EXTRACTED INFORMATION START

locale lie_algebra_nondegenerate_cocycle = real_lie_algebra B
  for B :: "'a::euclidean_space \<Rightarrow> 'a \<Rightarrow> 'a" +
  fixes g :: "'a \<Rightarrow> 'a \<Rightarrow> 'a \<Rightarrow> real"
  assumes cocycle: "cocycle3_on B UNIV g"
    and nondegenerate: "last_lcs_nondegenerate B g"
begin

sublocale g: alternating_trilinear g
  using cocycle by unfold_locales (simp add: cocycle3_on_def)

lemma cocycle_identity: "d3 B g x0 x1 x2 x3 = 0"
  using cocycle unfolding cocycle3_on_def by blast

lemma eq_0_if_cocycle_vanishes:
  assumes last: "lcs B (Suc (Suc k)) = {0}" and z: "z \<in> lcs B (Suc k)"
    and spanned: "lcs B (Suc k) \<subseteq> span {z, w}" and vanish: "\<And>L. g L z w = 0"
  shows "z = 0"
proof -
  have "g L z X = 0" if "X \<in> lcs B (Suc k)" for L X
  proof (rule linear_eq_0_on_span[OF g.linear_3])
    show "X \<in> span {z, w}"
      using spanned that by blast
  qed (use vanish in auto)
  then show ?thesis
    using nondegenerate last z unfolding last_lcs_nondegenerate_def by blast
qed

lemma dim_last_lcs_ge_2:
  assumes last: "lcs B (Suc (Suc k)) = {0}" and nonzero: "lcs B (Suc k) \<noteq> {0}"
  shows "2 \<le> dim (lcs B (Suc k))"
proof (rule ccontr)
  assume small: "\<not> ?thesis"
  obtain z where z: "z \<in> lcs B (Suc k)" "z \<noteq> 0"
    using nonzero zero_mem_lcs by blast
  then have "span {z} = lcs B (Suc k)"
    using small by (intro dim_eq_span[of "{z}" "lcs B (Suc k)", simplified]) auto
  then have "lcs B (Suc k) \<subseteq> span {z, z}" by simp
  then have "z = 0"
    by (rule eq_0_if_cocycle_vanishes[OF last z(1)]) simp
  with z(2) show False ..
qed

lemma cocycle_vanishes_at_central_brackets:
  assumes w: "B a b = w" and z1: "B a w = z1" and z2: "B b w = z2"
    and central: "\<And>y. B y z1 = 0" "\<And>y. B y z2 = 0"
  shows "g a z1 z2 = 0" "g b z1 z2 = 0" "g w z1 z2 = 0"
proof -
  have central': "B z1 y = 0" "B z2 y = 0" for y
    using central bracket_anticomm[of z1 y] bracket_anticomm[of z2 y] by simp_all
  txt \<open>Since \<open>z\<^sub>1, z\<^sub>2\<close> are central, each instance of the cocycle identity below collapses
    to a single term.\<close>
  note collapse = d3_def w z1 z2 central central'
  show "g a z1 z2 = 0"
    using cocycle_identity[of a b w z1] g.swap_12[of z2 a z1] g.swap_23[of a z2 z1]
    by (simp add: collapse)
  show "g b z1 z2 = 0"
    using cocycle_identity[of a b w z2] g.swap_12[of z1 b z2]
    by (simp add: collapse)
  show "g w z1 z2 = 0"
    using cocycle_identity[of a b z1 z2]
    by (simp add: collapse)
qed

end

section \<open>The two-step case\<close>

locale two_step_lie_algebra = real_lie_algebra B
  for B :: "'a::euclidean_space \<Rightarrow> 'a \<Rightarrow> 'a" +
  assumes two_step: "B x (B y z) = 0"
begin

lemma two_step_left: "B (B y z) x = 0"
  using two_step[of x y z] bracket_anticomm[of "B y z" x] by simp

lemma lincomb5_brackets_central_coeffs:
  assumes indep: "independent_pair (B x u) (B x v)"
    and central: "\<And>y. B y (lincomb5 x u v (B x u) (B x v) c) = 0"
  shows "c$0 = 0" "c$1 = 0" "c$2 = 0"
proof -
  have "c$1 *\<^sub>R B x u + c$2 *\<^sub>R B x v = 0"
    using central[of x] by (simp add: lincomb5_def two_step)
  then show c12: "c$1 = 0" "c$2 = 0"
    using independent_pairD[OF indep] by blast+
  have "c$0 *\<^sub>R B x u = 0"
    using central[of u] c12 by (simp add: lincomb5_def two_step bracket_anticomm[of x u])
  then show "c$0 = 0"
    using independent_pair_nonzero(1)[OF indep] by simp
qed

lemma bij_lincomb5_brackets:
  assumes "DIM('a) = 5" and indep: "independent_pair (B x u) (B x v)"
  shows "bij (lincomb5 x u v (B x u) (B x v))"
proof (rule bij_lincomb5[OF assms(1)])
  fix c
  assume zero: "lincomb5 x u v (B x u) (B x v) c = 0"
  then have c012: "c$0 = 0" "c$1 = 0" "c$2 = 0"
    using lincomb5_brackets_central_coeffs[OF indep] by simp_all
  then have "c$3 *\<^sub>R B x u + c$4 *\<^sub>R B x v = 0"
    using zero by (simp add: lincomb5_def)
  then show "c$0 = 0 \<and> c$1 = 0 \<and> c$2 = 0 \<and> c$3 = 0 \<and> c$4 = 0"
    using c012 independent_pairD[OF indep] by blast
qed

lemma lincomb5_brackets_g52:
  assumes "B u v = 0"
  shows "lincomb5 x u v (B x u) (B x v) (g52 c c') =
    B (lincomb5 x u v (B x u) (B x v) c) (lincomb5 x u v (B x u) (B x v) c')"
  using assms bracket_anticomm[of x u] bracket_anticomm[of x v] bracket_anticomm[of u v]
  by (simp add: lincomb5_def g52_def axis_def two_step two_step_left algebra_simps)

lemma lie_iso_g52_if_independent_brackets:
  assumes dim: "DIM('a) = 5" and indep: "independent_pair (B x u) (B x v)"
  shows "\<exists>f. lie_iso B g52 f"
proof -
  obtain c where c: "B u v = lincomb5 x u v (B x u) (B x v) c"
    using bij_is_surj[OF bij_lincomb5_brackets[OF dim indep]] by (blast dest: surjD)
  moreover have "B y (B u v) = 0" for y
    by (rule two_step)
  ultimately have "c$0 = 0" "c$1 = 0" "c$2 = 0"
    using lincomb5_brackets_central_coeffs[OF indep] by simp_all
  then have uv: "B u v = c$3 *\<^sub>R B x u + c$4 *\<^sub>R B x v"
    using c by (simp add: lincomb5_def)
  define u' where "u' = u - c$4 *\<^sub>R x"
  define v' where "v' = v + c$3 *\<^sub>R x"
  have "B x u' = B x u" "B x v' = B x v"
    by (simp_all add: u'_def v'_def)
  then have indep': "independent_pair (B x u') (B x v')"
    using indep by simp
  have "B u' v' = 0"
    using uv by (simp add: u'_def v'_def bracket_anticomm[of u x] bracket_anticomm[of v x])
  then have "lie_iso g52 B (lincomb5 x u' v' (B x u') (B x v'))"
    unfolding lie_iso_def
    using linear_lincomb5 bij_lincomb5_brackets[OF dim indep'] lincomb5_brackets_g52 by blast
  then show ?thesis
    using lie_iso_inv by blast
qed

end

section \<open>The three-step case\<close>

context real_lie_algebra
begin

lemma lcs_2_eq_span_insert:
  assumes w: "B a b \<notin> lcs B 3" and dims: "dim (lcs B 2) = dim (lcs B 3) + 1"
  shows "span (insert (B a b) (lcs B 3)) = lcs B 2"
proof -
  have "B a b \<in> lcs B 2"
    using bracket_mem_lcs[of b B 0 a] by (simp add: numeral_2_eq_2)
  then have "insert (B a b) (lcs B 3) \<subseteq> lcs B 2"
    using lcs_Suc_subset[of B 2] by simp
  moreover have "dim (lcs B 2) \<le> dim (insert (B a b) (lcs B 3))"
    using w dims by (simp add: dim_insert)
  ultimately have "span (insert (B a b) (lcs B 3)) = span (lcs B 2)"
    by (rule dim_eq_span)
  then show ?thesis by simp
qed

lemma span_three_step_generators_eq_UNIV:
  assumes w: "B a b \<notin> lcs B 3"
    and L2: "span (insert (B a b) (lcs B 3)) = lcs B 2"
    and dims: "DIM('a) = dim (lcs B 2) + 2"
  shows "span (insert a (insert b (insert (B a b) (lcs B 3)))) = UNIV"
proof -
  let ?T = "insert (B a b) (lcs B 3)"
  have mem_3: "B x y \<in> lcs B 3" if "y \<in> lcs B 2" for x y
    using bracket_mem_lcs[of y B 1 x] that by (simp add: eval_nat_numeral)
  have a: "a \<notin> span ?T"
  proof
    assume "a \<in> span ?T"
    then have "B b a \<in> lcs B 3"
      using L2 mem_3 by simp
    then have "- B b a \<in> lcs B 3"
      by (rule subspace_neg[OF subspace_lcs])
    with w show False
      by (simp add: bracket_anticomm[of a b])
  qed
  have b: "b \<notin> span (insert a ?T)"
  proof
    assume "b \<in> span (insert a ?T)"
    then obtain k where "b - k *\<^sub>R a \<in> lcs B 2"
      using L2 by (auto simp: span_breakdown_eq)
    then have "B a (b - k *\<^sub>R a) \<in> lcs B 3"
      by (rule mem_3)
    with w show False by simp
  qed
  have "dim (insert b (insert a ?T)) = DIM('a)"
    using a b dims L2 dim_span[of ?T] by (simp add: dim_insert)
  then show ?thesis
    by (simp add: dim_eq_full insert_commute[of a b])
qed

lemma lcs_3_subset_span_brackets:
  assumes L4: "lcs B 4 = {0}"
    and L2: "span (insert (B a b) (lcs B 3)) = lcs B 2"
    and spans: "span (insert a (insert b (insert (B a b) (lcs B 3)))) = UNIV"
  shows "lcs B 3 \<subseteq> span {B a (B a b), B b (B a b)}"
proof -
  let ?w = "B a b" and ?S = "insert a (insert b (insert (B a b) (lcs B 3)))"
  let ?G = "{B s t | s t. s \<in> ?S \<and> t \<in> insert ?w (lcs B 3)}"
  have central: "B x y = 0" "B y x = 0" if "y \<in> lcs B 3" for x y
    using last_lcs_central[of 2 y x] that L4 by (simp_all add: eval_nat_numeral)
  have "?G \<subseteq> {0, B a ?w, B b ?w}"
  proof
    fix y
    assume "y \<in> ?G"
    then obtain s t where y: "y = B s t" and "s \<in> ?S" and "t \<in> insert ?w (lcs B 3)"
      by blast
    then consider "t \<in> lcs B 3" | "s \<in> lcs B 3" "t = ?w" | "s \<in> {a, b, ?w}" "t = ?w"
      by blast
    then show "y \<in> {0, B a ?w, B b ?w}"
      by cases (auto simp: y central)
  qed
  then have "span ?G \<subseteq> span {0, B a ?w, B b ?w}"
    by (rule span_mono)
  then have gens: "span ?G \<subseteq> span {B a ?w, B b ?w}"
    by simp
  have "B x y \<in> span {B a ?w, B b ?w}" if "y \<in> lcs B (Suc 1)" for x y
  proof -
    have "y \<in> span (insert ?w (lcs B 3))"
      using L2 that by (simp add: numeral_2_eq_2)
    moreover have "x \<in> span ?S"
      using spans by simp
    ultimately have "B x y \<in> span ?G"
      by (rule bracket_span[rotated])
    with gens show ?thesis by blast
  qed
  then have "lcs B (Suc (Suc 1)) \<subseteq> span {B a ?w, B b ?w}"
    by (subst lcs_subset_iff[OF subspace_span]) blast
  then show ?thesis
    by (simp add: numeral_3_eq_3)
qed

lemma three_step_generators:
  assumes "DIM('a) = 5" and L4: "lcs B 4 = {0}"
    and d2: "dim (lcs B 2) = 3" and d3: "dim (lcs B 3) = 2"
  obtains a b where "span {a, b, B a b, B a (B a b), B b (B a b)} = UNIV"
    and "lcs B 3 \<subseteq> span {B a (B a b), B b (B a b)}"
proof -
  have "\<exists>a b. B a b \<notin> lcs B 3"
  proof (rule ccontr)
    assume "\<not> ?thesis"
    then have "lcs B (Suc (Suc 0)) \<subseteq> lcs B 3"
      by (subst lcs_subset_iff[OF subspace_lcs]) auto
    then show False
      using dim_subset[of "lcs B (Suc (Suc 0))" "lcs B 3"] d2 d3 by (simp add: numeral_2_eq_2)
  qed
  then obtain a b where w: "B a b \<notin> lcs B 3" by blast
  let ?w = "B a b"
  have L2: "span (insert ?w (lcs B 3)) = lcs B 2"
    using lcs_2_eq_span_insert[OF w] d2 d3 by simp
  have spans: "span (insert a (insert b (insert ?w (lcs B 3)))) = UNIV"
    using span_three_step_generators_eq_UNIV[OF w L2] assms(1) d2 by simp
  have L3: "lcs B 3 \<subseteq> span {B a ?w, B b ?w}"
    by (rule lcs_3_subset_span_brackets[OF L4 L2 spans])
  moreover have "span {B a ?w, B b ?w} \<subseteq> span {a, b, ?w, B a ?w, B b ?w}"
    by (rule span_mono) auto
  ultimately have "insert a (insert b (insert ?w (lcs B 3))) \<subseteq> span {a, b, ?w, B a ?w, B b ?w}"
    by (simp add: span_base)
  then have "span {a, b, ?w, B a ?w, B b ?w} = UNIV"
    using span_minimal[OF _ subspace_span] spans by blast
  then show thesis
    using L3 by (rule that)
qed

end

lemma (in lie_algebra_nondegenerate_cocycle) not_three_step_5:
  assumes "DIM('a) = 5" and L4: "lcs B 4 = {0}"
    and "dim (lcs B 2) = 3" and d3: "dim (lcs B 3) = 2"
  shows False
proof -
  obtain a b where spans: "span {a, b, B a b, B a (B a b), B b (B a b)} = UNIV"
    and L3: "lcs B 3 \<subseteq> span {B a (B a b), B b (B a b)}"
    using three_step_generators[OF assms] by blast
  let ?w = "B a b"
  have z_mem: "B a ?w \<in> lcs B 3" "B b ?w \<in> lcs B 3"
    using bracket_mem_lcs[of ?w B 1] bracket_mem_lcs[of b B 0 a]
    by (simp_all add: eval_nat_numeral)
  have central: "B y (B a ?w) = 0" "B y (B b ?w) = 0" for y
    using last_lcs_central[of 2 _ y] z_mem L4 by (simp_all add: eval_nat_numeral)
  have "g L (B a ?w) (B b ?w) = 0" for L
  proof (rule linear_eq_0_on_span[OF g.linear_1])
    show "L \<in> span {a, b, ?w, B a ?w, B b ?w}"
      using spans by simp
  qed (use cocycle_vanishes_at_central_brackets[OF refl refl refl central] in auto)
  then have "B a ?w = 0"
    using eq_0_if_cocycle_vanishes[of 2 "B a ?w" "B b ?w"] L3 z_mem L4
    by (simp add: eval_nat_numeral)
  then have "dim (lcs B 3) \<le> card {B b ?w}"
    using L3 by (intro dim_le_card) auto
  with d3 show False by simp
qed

EXTRACTED INFORMATION END
EXTRACTED INFORMATION START

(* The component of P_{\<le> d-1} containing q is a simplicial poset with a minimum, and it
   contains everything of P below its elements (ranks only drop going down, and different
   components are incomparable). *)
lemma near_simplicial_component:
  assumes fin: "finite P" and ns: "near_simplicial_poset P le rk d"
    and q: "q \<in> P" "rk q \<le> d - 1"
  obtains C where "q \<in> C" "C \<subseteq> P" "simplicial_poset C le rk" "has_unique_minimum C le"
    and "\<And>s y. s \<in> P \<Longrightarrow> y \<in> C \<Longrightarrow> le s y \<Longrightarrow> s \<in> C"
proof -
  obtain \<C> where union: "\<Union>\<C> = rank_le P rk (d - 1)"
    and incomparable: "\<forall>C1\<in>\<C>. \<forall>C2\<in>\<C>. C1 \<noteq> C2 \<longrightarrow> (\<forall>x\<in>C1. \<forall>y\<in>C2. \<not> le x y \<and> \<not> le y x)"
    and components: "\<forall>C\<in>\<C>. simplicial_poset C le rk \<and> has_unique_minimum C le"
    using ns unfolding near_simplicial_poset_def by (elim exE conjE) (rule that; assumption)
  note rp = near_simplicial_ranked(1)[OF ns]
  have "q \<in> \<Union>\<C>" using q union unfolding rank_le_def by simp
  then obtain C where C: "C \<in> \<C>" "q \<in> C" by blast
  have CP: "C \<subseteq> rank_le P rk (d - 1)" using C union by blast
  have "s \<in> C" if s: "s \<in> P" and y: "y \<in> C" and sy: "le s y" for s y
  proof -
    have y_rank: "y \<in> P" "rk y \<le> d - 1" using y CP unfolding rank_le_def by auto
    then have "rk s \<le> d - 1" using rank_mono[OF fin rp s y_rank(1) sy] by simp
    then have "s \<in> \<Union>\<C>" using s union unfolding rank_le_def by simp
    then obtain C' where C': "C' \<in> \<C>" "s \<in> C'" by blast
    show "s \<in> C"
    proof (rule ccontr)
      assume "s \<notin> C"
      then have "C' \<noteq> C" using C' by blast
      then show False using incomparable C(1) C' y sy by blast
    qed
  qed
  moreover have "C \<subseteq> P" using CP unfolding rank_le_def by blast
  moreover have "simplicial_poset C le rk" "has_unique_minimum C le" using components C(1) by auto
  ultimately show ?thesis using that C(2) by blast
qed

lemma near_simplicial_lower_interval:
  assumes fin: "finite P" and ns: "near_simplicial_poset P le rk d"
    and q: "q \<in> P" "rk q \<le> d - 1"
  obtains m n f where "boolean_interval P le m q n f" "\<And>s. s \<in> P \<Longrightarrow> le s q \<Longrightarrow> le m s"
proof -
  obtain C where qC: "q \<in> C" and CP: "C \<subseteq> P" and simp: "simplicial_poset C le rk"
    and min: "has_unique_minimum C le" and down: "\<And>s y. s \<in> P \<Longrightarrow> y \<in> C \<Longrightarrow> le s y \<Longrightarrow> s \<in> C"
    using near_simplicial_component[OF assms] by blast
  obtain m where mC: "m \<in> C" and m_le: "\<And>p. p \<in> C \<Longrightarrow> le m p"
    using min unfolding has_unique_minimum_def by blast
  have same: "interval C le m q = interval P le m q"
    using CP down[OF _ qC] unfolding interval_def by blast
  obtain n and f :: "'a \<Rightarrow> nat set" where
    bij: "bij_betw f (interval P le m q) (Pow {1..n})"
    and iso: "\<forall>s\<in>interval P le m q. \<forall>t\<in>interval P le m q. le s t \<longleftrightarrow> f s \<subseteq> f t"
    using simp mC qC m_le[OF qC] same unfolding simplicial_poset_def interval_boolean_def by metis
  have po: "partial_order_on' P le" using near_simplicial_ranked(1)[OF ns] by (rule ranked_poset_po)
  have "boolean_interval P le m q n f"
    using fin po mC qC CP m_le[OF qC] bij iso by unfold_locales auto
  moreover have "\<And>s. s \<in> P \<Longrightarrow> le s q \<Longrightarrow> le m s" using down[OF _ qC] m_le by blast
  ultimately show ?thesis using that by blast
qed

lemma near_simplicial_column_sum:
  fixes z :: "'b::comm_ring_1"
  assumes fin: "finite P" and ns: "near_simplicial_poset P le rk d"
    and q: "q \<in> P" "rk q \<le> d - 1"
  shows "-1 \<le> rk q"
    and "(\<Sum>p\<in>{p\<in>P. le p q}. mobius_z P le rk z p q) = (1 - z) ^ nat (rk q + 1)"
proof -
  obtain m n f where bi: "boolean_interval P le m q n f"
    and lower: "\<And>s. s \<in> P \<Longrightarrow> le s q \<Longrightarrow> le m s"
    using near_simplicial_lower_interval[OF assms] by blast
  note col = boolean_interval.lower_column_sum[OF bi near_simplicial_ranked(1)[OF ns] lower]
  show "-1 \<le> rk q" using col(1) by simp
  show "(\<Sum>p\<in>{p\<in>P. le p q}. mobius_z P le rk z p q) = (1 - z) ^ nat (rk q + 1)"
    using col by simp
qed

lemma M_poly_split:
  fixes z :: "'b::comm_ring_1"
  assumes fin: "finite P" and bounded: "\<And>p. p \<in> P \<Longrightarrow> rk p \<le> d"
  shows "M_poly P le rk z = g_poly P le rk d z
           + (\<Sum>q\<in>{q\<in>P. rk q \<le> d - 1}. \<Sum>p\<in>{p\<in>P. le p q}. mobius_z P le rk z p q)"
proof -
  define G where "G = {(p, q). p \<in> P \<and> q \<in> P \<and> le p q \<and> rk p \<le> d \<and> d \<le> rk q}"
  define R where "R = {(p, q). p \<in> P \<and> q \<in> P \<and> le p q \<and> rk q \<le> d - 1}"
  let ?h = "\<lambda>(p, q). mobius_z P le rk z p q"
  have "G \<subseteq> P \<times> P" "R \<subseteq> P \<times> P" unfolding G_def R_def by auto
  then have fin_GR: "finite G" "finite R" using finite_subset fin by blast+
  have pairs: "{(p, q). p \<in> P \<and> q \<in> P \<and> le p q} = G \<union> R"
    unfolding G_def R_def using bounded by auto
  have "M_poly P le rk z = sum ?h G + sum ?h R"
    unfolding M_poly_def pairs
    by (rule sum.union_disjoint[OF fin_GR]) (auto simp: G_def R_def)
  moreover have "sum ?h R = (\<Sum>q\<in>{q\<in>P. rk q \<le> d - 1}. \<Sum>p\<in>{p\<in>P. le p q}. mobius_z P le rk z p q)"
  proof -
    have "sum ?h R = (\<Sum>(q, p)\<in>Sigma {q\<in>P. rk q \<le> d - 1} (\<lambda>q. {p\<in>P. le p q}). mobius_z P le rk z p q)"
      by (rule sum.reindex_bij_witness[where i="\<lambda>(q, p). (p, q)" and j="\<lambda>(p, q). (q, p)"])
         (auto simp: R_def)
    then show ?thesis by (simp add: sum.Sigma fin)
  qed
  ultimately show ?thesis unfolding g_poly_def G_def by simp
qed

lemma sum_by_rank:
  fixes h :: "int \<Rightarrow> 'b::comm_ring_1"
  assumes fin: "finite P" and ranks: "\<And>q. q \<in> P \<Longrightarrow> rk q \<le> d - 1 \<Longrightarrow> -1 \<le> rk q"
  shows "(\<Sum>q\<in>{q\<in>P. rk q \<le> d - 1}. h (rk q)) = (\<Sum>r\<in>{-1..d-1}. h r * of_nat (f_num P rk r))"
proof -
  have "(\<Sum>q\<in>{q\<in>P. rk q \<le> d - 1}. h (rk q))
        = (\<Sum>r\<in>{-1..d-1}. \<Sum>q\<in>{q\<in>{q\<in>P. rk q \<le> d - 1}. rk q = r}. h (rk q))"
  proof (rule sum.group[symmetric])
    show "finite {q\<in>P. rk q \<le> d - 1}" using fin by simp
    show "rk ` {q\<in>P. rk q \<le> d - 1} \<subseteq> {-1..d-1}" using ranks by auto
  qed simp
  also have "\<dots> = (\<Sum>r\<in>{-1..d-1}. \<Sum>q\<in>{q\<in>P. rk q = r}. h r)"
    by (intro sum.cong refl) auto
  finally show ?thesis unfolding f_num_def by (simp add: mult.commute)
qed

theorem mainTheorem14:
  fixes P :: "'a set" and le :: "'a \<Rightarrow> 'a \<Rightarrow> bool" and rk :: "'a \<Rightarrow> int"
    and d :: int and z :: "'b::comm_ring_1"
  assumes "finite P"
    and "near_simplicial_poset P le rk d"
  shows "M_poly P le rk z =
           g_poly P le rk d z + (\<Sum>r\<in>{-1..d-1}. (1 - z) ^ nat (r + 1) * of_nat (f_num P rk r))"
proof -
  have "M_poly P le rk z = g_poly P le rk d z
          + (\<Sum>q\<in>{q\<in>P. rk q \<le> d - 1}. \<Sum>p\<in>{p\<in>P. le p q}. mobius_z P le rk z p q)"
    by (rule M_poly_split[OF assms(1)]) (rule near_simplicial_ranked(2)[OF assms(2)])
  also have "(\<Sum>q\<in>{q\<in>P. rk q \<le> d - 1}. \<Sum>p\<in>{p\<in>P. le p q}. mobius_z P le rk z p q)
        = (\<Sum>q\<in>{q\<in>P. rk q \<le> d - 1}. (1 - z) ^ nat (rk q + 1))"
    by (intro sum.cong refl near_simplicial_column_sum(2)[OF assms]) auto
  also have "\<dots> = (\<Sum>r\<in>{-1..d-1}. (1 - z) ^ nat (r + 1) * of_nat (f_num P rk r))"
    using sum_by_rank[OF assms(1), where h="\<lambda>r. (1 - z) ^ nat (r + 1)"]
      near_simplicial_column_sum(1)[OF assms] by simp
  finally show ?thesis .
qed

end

EXTRACTED INFORMATION END

* WHAT YOU NEED TO DO *
Out of the data above, give again only the lines starting at the one holding "note rp = near_simplicial_ranked(1)[OF ns]" and ending at the one holding "sy] by simp", unchanged.

* WRITTEN RESPONSE *
  note rp = near_simplicial_ranked(1)[OF ns]
  have "q \<in> \<Union>\<C>" using q union unfolding rank_le_def by simp
  then obtain C where C: "C \<in> \<C>" "q \<in> C" by blast
  have CP: "C \<subseteq> rank_le P rk (d - 1)" using C union by blast
  have "s \<in> C" if s: "s \<in> P" and y: "y \<in> C" and sy: "le s y" for s y
  proof -
    have y_rank: "y \<in> P" "rk y \<le> d - 1" using y CP unfolding rank_le_def by auto
    then have "rk s \<le> d - 1" using rank_mono[OF fin rp s y_rank(1) sy] by simp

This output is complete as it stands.